══ PROVIDED MATERIAL ══
lemma br_zero_right [simp]: "br x 0 = 0"
  using br_add_right[of x 0 0] by simp

lemma br_diff_right: "br x (y - z) = br x y - br x z"
  using br_add_right[of x "y - z" z] by (simp add: algebra_simps)

lemma br_anticomm: "br y x = - br x y"
proof -
  have "br x y + br y x = br (x + y) (x + y)"
    unfolding br_add_left br_add_right by (simp add: br_self)
  then show ?thesis
    by (simp add: br_self eq_neg_iff_add_eq_0 add.commute)
qed

lemma td_bracket_self: "td_bracket br P P k = 0"
proof -
  define S where "S = td_bracket br P P k"
  have "S = (\<Sum>i=0..k. br (P (k - i)) (P (k - (k - i))))"
    unfolding S_def td_bracket_def atLeast0AtMost[symmetric]
    using sum.atLeastAtMost_rev[of "\<lambda>i. br (P i) (P (k - i))" 0 k] by simp
  also have "\<dots> = (\<Sum>i=0..k. - br (P i) (P (k - i)))"
    by (intro sum.cong refl) (metis br_anticomm diff_diff_cancel atLeastAtMost_iff)
  also have "\<dots> = - S"
    unfolding S_def td_bracket_def atLeast0AtMost[symmetric] by (simp add: sum_negf)
  finally have "S + S = 0"
    by (simp add: eq_neg_iff_add_eq_0)
  then have "2 *s S = 0"
    using scale_left_distrib[of 1 1 S] by simp
  then show ?thesis
    by (simp add: S_def)
qed

abbreviation iter :: "(nat \<Rightarrow> 'v) \<Rightarrow> nat \<Rightarrow> nat \<Rightarrow> 'v" where
  "iter \<equiv> lie_iter scale br"

lemma lie_iter_1: "iter P 1 k = of_nat (Suc k) *s P (Suc k)"
  using lie_iter_Suc[of scale br P 0 k] td_bracket_self[of P k] by (simp add: lie_iter_def)

lemma lie_iter_diff_Suc:
  assumes "\<And>i. i \<le> k \<Longrightarrow> B i = A i"
  shows "iter B (Suc m) k - iter A (Suc m) k
    = of_nat (Suc k) *s (iter B m (Suc k) - iter A m (Suc k))
      + (\<Sum>i\<le>k. br (A i) (iter B m (k - i) - iter A m (k - i)))"
proof -
  have "td_bracket br B (iter B m) k = (\<Sum>i\<le>k. br (A i) (iter B m (k - i)))"
    unfolding td_bracket_def using assms by (intro sum.cong) auto
  then show ?thesis
    unfolding lie_iter_Suc td_bracket_def
    by (simp add: scale_right_diff_distrib br_diff_right sum_subtractf algebra_simps)
qed

lemma scale_of_nat_pred_add:
  assumes "1 \<le> m"
  shows "of_nat (m - 1) *s x + x = of_nat m *s x"
  using assms scale_left_distrib[of "of_nat (m - 1)" 1 x] by (simp add: of_nat_diff)

lemma lie_iter_perturb_low_coeffs:
  assumes below: "\<And>i. i < n \<Longrightarrow> B i = A i"
    and at_n: "B n = A n + inverse (fact n) *s \<Delta>"
    and at_Suc_n: "B (Suc n) = A (Suc n) + inverse (fact (Suc n)) *s E"
    and m: "1 \<le> m" "m \<le> n"
  shows "(\<forall>k < n - m. iter B m k = iter A m k)
    \<and> iter B m (n - m) = iter A m (n - m) + inverse (fact (n - m)) *s \<Delta>
    \<and> iter B m (Suc (n - m)) = iter A m (Suc (n - m))
          + inverse (fact (Suc (n - m))) *s (E + of_nat (m - 1) *s br (A 0) \<Delta>)"
  using m
proof (induction m rule: nat_induct_at_least)
  case base
  then obtain p where n: "n = Suc p" by (cases n) auto
  have "\<forall>k < n - 1. iter B 1 k = iter A 1 k"
    unfolding lie_iter_1 using below by simp
  moreover have "iter B 1 (n - 1) = iter A 1 (n - 1) + inverse (fact (n - 1)) *s \<Delta>"
    unfolding lie_iter_1 using at_n of_nat_Suc_mult_inverse_fact[of p, where 'a=complex]
    by (simp add: n scale_right_distrib del: of_nat_Suc fact_Suc)
  moreover have "iter B 1 (Suc (n - 1)) = iter A 1 (Suc (n - 1)) + inverse (fact (Suc (n - 1))) *s E"
    unfolding lie_iter_1 using at_Suc_n of_nat_Suc_mult_inverse_fact[of n, where 'a=complex]
    by (simp add: n scale_right_distrib del: of_nat_Suc fact_Suc)
  ultimately show ?case by simp
next
  case (Suc m)
  define D where "D k = iter B m k - iter A m k" for k
  define p where "p = n - Suc m"
  have n_m: "n - m = Suc p" and p_n: "Suc p < n"
    using Suc.hyps Suc.prems by (auto simp: p_def)
  from Suc.IH Suc.prems have IH:
    "\<forall>k < Suc p. D k = 0" "D (Suc p) = inverse (fact (Suc p)) *s \<Delta>"
    "D (Suc (Suc p)) = inverse (fact (Suc (Suc p))) *s (E + of_nat (m - 1) *s br (A 0) \<Delta>)"
    by (auto simp: D_def n_m)
  have step: "iter B (Suc m) k - iter A (Suc m) k
      = of_nat (Suc k) *s D (Suc k) + (\<Sum>i\<le>k. br (A i) (D (k - i)))" if "k \<le> Suc p" for k
    unfolding D_def using that p_n by (intro lie_iter_diff_Suc below) simp
  have low_sum: "(\<Sum>i\<le>k. br (A i) (D (k - i))) = 0" if "k \<le> p" for k
    using IH(1) that by (intro sum.neutral) auto
  have "iter B (Suc m) k = iter A (Suc m) k" if "k < p" for k
    using step[of k] low_sum[of k] IH(1) that by simp
  moreover have "iter B (Suc m) p = iter A (Suc m) p + inverse (fact p) *s \<Delta>"
    using step[of p] low_sum[of p] IH(2) of_nat_Suc_mult_inverse_fact[of p, where 'a=complex]
    by (simp add: algebra_simps del: of_nat_Suc fact_Suc)
  moreover have "iter B (Suc m) (Suc p) = iter A (Suc m) (Suc p)
      + inverse (fact (Suc p)) *s (E + of_nat m *s br (A 0) \<Delta>)"
  proof -
    have "(\<Sum>i\<le>Suc p. br (A i) (D (Suc p - i))) = br (A 0) (D (Suc p))"
      using IH(1) by (simp add: sum.atMost_Suc_shift del: sum.atMost_Suc)
    then have "iter B (Suc m) (Suc p) - iter A (Suc m) (Suc p)
        = inverse (fact (Suc p)) *s (E + (of_nat (m - 1) *s br (A 0) \<Delta> + br (A 0) \<Delta>))"
      using step[of "Suc p"] IH(2,3) of_nat_Suc_mult_inverse_fact[of "Suc p", where 'a=complex]
      by (simp add: br_scale_right scale_right_distrib del: of_nat_Suc fact_Suc)
    also have "of_nat (m - 1) *s br (A 0) \<Delta> + br (A 0) \<Delta> = of_nat m *s br (A 0) \<Delta>"
      using Suc.hyps by (rule scale_of_nat_pred_add)
    finally show ?thesis
      by (simp add: algebra_simps)
  qed
  ultimately show ?case
    by (simp add: p_def Suc_diff_Suc Suc.prems)
qed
═══
- _WHAT YOU HAVE TO DO_
In the entries above, work out how many lines contain the string "prems", and give only that number.

- _ANSWER TO THIS EXERCISE_
3